## About this task
Could you count the lines below that include the word "dots" and give only the number?

Collected data
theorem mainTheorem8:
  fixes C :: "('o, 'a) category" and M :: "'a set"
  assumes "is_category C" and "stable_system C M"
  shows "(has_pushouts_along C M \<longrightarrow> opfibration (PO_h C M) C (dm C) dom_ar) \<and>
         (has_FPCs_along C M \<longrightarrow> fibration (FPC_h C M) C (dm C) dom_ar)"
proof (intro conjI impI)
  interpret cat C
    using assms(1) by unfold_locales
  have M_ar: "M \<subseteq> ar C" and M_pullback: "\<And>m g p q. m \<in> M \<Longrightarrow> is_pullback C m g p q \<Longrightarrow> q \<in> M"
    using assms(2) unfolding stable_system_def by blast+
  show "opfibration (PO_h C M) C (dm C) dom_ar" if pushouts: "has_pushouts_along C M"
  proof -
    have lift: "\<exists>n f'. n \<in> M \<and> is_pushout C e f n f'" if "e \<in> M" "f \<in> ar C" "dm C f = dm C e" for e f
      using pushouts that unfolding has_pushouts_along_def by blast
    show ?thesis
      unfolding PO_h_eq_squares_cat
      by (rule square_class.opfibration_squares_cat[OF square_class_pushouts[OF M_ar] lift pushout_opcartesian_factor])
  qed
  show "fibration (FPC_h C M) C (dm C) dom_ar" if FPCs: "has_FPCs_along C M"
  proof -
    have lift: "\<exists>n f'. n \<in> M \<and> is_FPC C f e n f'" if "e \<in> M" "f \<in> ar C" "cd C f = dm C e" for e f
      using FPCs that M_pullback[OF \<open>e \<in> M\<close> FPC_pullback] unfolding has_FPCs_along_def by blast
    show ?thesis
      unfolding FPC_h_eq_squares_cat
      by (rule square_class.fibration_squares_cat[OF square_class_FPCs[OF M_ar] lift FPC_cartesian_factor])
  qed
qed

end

---

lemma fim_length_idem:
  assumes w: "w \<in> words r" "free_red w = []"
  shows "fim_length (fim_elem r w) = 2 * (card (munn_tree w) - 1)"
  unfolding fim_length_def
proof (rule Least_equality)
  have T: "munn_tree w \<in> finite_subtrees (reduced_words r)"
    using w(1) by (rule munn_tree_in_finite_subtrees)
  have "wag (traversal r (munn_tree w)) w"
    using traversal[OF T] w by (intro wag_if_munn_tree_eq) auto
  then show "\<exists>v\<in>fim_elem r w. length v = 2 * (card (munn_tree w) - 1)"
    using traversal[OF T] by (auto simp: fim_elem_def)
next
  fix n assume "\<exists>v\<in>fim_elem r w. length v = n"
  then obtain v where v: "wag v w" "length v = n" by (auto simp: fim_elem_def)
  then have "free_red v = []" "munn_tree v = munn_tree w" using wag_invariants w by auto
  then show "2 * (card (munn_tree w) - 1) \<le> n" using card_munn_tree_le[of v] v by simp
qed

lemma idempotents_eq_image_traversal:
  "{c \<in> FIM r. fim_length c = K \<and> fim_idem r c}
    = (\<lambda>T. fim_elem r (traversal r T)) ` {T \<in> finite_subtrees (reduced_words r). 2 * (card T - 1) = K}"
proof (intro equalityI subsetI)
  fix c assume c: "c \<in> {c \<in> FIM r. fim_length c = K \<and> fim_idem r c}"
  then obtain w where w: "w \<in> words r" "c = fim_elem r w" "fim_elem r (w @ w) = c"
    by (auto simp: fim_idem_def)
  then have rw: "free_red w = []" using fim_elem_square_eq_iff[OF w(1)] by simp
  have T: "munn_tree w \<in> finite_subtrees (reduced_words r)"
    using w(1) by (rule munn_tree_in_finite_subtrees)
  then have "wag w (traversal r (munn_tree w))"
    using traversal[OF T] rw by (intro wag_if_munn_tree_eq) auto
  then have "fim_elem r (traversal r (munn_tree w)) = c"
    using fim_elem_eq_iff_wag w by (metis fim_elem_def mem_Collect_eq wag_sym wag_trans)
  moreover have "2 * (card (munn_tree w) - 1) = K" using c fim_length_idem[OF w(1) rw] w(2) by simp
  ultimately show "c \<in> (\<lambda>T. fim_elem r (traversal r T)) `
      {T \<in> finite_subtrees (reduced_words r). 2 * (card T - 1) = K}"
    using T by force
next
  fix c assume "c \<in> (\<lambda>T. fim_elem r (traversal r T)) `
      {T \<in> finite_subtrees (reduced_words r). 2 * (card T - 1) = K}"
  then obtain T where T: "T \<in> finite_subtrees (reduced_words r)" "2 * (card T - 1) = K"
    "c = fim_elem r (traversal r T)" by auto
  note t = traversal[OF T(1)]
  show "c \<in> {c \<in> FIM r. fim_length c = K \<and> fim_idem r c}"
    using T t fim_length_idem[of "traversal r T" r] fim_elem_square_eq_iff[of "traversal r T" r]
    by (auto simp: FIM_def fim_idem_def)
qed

...

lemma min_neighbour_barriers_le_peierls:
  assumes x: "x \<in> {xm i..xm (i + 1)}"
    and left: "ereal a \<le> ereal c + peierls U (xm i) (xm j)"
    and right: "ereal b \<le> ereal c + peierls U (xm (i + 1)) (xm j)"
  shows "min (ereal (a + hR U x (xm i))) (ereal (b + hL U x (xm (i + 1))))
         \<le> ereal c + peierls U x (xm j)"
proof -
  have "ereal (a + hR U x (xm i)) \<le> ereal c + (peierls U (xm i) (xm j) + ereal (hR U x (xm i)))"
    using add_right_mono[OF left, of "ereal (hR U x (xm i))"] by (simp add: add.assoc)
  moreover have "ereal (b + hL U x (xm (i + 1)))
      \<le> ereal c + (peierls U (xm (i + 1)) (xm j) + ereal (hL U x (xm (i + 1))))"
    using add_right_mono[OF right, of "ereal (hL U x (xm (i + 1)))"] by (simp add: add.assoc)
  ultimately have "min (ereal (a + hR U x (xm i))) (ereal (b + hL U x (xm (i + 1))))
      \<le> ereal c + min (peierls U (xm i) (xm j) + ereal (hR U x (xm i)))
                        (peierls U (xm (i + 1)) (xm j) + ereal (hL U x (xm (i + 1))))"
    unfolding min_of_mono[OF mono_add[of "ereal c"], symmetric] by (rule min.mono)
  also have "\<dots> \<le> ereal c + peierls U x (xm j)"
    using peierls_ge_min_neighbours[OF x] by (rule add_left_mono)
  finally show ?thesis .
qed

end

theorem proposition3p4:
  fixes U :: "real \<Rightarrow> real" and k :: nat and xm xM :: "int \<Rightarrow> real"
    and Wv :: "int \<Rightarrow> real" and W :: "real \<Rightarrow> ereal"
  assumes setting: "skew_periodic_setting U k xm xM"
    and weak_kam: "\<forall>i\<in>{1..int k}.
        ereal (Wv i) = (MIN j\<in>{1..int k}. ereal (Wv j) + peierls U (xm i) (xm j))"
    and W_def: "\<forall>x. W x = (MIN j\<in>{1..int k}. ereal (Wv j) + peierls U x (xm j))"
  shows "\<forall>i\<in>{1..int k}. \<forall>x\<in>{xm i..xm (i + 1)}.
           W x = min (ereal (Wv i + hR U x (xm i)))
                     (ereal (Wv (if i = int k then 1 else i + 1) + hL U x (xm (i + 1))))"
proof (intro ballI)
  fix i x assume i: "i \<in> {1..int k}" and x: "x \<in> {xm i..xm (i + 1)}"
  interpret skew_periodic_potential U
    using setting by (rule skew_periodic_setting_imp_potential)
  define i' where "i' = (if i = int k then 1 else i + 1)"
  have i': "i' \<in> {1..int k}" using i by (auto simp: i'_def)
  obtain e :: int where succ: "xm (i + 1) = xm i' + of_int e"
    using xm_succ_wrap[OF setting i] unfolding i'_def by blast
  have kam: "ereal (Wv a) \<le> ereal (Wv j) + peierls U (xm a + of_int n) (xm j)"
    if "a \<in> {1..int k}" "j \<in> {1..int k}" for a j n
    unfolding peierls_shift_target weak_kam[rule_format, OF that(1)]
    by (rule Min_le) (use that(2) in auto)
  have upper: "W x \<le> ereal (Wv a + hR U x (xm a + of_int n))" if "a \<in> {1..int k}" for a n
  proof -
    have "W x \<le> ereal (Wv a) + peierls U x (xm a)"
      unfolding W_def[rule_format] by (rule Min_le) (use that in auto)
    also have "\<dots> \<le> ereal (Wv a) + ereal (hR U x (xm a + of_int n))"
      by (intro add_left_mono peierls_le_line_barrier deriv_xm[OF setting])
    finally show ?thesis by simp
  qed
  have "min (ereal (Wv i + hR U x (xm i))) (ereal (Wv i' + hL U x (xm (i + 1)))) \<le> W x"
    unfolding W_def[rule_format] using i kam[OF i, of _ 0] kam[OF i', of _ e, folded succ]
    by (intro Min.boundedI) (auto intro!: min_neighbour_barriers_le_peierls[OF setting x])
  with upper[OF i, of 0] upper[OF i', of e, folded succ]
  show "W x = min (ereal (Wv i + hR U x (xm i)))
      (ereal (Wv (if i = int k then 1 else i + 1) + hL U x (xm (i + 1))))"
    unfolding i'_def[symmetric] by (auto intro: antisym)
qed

## Solved exercise
2